I wanted to search for the document by id before adding it to the vector db (how do you do it?) But it seems the id changes after each embedding. In this way it is not possible to check whether the document already exists before adding it back to the vector db.. Furthermore, it seems to me that the document store is not persistent on DB (azure), why? Thanks
Comment From: markpollack
I believe @tzolov has a branch where the ID is computed upfront based on content and metadata instead of a random GUID. I'll discuss adding that helper code to the 0.8.0 release.
In the meantime, you can use the the constructor
public Document(String id, String content, Map<String, Object> metadata) {
and assign the id
yourself based on your own definition of uniqueness.

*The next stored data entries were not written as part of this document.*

lemma abs_set_integral_sub_point_le:
  fixes f lin :: "'a \<Rightarrow> real"
  assumes D1: "emeasure M D = 1" and K: "K \<in> sets M" "K \<subseteq> D"
    and f_meas: "(\<lambda>x. indicator D x * f x) \<in> borel_measurable M"
    and f_bound: "\<And>x. x \<in> D \<Longrightarrow> \<bar>f x\<bar> \<le> 1" and p: "p \<in> D"
    and lin: "integrable M (\<lambda>x. indicator K x * lin x)"
    and remainder: "\<And>x. x \<in> K \<Longrightarrow> \<bar>f x - f p - lin x\<bar> \<le> B"
  shows "\<bar>(LINT x:D|M. f x) - f p\<bar>
    \<le> 2 * measure M (D - K) + \<bar>\<integral>x. indicator K x * lin x \<partial>M\<bar> + B * measure M K"
proof -
  have D: "D \<in> sets M" using D1 emeasure_notin_sets by fastforce
  have Kc: "D - K \<in> sets M" using D K by auto
  have K_fin: "emeasure M K < \<infinity>" and Kc_fin: "emeasure M (D - K) < \<infinity>"
    using emeasure_mono[of K D M] emeasure_mono[of "D - K" D M] K D D1 by (auto intro: le_less_trans)
  have "(\<lambda>x. indicator (D - K) x * (f x - f p))
      = (\<lambda>x. indicator (D - K) x * (indicator D x * f x) - indicator (D - K) x * f p)"
    by (auto simp: indicator_def fun_eq_iff)
  also have "\<dots> \<in> borel_measurable M" using Kc f_meas by measurable
  finally have Kc_meas: "(\<lambda>x. indicator (D - K) x * (f x - f p)) \<in> borel_measurable M" .
  have Kc_bound: "\<bar>f x - f p\<bar> \<le> 2" if "x \<in> D - K" for x
    using f_bound[of x] f_bound[OF p] that by auto
  have "(\<lambda>x. indicator K x * (f x - f p - lin x))
      = (\<lambda>x. indicator K x * (indicator D x * f x) - indicator K x * f p - indicator K x * lin x)"
    using K by (auto simp: indicator_def fun_eq_iff)
  also have "\<dots> \<in> borel_measurable M" using K f_meas lin by measurable
  finally have K_meas: "(\<lambda>x. indicator K x * (f x - f p - lin x)) \<in> borel_measurable M" .
  have "(LINT x:D|M. f x) - f p = (\<integral>x. indicator D x * (f x - f p) \<partial>M)"
    by (rule set_integral_diff_const[OF D1 f_meas f_bound])
  also have "\<dots> = (\<integral>x. indicator (D - K) x * (f x - f p) \<partial>M) + (\<integral>x. indicator K x * lin x \<partial>M)
      + (\<integral>x. indicator K x * (f x - f p - lin x) \<partial>M)"
  proof -
    have "indicator D x * (f x - f p) = indicator (D - K) x * (f x - f p) + indicator K x * lin x
        + indicator K x * (f x - f p - lin x)" for x
      using K by (auto simp: indicator_def algebra_simps)
    then show ?thesis
      using lin integrable_indicator_mult_bounded[OF Kc Kc_fin Kc_meas Kc_bound]
        integrable_indicator_mult_bounded[OF K(1) K_fin K_meas remainder] by simp
  qed
  finally show ?thesis
    using abs_integral_indicator_mult_le[OF Kc Kc_fin Kc_meas Kc_bound]
      abs_integral_indicator_mult_le[OF K(1) K_fin K_meas remainder]
    by fastforce
qed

That would likely solve the problem for you, though I wanted to do a bit more research into this. For the next 0.9.0 release will will focus more on solving realistic RAG type situation. Generally speaking vector db metadata managment is an important topic, so bear with us.

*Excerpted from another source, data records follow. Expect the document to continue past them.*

text \<open>For \<open>\<rho> \<ge> 0\<close> the equation defining \<open>u(\<rho>)\<close> decouples into the scalar equations
  \<open>u\<^sub>i + (\<rho>/m) l'(u\<^sub>i) = x\<^sub>i\<close>. Since \<open>l'\<close> is continuous (semismoothness includes local
  Lipschitz continuity), nonnegative and nondecreasing, each has a unique solution, which
  decreases as \<open>\<rho>\<close> grows; as \<open>l\<close> is nondecreasing, \<open>H\<close> is nonincreasing.
  At a KKT point, \<open>\<rho> = 0\<close> would give \<open>u = x \<notin> Z\<close>, so \<open>\<rho> > 0\<close> and the constraint is
  active; then \<open>\<nabla>L(u) \<noteq> 0\<close>, for otherwise every \<open>u\<^sub>i\<close> minimises \<open>l\<close> and
  \<open>L(u) \<le> m inf l < m\<lambda>\<close>. Clarke subgradients of the nondecreasing \<open>l'\<close> are nonnegative,
  so \<open>mI + \<rho>\<Lambda>\<close> is diagonal with positive entries \<open>d\<^sub>i\<close>, and
  \<open>h = -\<Sum>\<^sub>i l'(u\<^sub>i)\<^sup>2 / d\<^sub>i < 0\<close>.\<close>

lemma convex_differentiable_above_tangent:
  fixes f :: "real \<Rightarrow> real"
  assumes "convex_on UNIV f" and "f differentiable (at c)"
  shows "f y - f c \<ge> deriv f c * (y - c)"
  using assms by (intro convex_on_imp_above_tangent) (auto simp: DERIV_deriv_iff_real_differentiable)

lemma convex_differentiable_deriv_mono:
  fixes f :: "real \<Rightarrow> real"
  assumes cvx: "convex_on UNIV f" and diff: "\<And>t. f differentiable (at t)"
  shows "mono (deriv f)"
proof
  fix a b :: real
  assume "a \<le> b"
  have "f b - f a \<ge> deriv f a * (b - a)" "f a - f b \<ge> deriv f b * (a - b)"
    using convex_differentiable_above_tangent[OF cvx diff] by auto
  then have "(deriv f b - deriv f a) * (b - a) \<ge> 0"
    by (simp add: algebra_simps)
  with \<open>a \<le> b\<close> show "deriv f a \<le> deriv f b"
    by (cases "a = b") (auto simp: zero_le_mult_iff)
qed

lemma mono_deriv_nonneg:
  fixes f :: "real \<Rightarrow> real"
  assumes "mono f" and "f differentiable (at t)"
  shows "deriv f t \<ge> 0"
  using assms by (intro mono_on_imp_deriv_nonneg[of UNIV f _ t])
    (auto simp: DERIV_deriv_iff_real_differentiable)

lemma semismooth_at_imp_isCont:
  fixes f :: "real \<Rightarrow> real"
  assumes "semismooth_at f x"
  shows "isCont f x"
proof -
  obtain \<delta> K where "\<delta> > 0"
    and lip: "\<forall>y\<in>ball x \<delta>. \<forall>z\<in>ball x \<delta>. \<bar>f y - f z\<bar> \<le> K * \<bar>y - z\<bar>"
    using assms unfolding semismooth_at_def by blast
  have "\<bar>K\<bar>-lipschitz_on (ball x \<delta>) f"
  proof (rule lipschitz_onI)
    fix y z assume "y \<in> ball x \<delta>" "z \<in> ball x \<delta>"
    then have "\<bar>f y - f z\<bar> \<le> K * \<bar>y - z\<bar>" using lip by blast
    also have "\<dots> \<le> \<bar>K\<bar> * \<bar>y - z\<bar>" by (intro mult_right_mono) auto
    finally show "dist (f y) (f z) \<le> \<bar>K\<bar> * dist y z" by (simp add: dist_real_def)
  qed simp
  then have "continuous_on (ball x \<delta>) f" by (rule lipschitz_on_continuous_on)
  then show ?thesis
    using \<open>\<delta> > 0\<close> by (simp add: continuous_on_eq_continuous_at)
qed

lemma strict_mono_add_scaled_mono:
  fixes g :: "real \<Rightarrow> real"
  assumes "mono g" and "0 \<le> c"
  shows "strict_mono (\<lambda>t. t + c * g t)"
proof
  fix s t :: real assume "s < t"
  with assms have "c * g s \<le> c * g t" by (simp add: monoD mult_left_mono)
  with \<open>s < t\<close> show "s + c * g s < t + c * g t" by simp
qed

lemma ex1_add_scaled_mono_eq:
  fixes g :: "real \<Rightarrow> real"
  assumes mono: "mono g" and cont: "\<And>t. isCont g t" and "0 \<le> c"
  shows "\<exists>!t. t + c * g t = a"
proof (rule ex_ex1I)
  let ?F = "\<lambda>t. t + c * g t"
  define lo where "lo = min 0 (a - c * g 0)"
  define hi where "hi = max 0 (a - c * g 0)"
  have "c * g lo \<le> c * g 0" "c * g 0 \<le> c * g hi"
    using \<open>0 \<le> c\<close> by (auto intro!: mult_left_mono monoD[OF mono] simp: lo_def hi_def)
  then have "?F lo \<le> a" "a \<le> ?F hi" "lo \<le> hi"
    by (auto simp: lo_def hi_def)
  then show "\<exists>t. ?F t = a"
    using IVT[of ?F lo a hi] cont by (auto intro!: continuous_intros)
next
  show "\<And>s t. s + c * g s = a \<Longrightarrow> t + c * g t = a \<Longrightarrow> s = t"
    using strict_mono_add_scaled_mono[OF mono \<open>0 \<le> c\<close>] by (metis strict_mono_eq)
qed

lemma add_scaled_mono_eq_antimono:
  fixes g :: "real \<Rightarrow> real"
  assumes mono: "mono g" and nonneg: "\<And>t. 0 \<le> g t" and "0 \<le> c1" "c1 \<le> c2"
    and s: "s + c1 * g s = a" and t: "t + c2 * g t = a"
  shows "t \<le> s"
proof (rule ccontr)
  assume "\<not> t \<le> s"
  then have "c1 * g s \<le> c1 * g t"
    using \<open>0 \<le> c1\<close> by (simp add: monoD[OF mono] mult_left_mono)
  also have "\<dots> \<le> c2 * g t"
    using \<open>c1 \<le> c2\<close> nonneg by (simp add: mult_right_mono)
  finally show False using s t \<open>\<not> t \<le> s\<close> by linarith
qed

If you are noticing an issue with AzureOpenAiEmbeddingClient
please provide a description in a separate issue.
Comment From: nurlicht
@tzolov, This issue seems to be related to #113 (with the PR #272).
Comment From: williamspindox
Thanks. FYI I found an interesting real-life use case about that on this project: https://github.com/Angular2Guy/AIDocumentLibraryChat
Comment From: markpollack
Update what was merged here to crate a new message digest on demand to avoid any potential thread safety issues.
Comment From: markpollack
You can now use the JdkSha256HexIdGenerator to check the document id before inserting. That should help in your case. You also raised a separate issue
the document store is not persistent on DB (azure), why?
Can you run the AzureVectorStoreIT.java
integration test please.
I will raise another issue for the azure vector store issue and in the meantime, close this issue.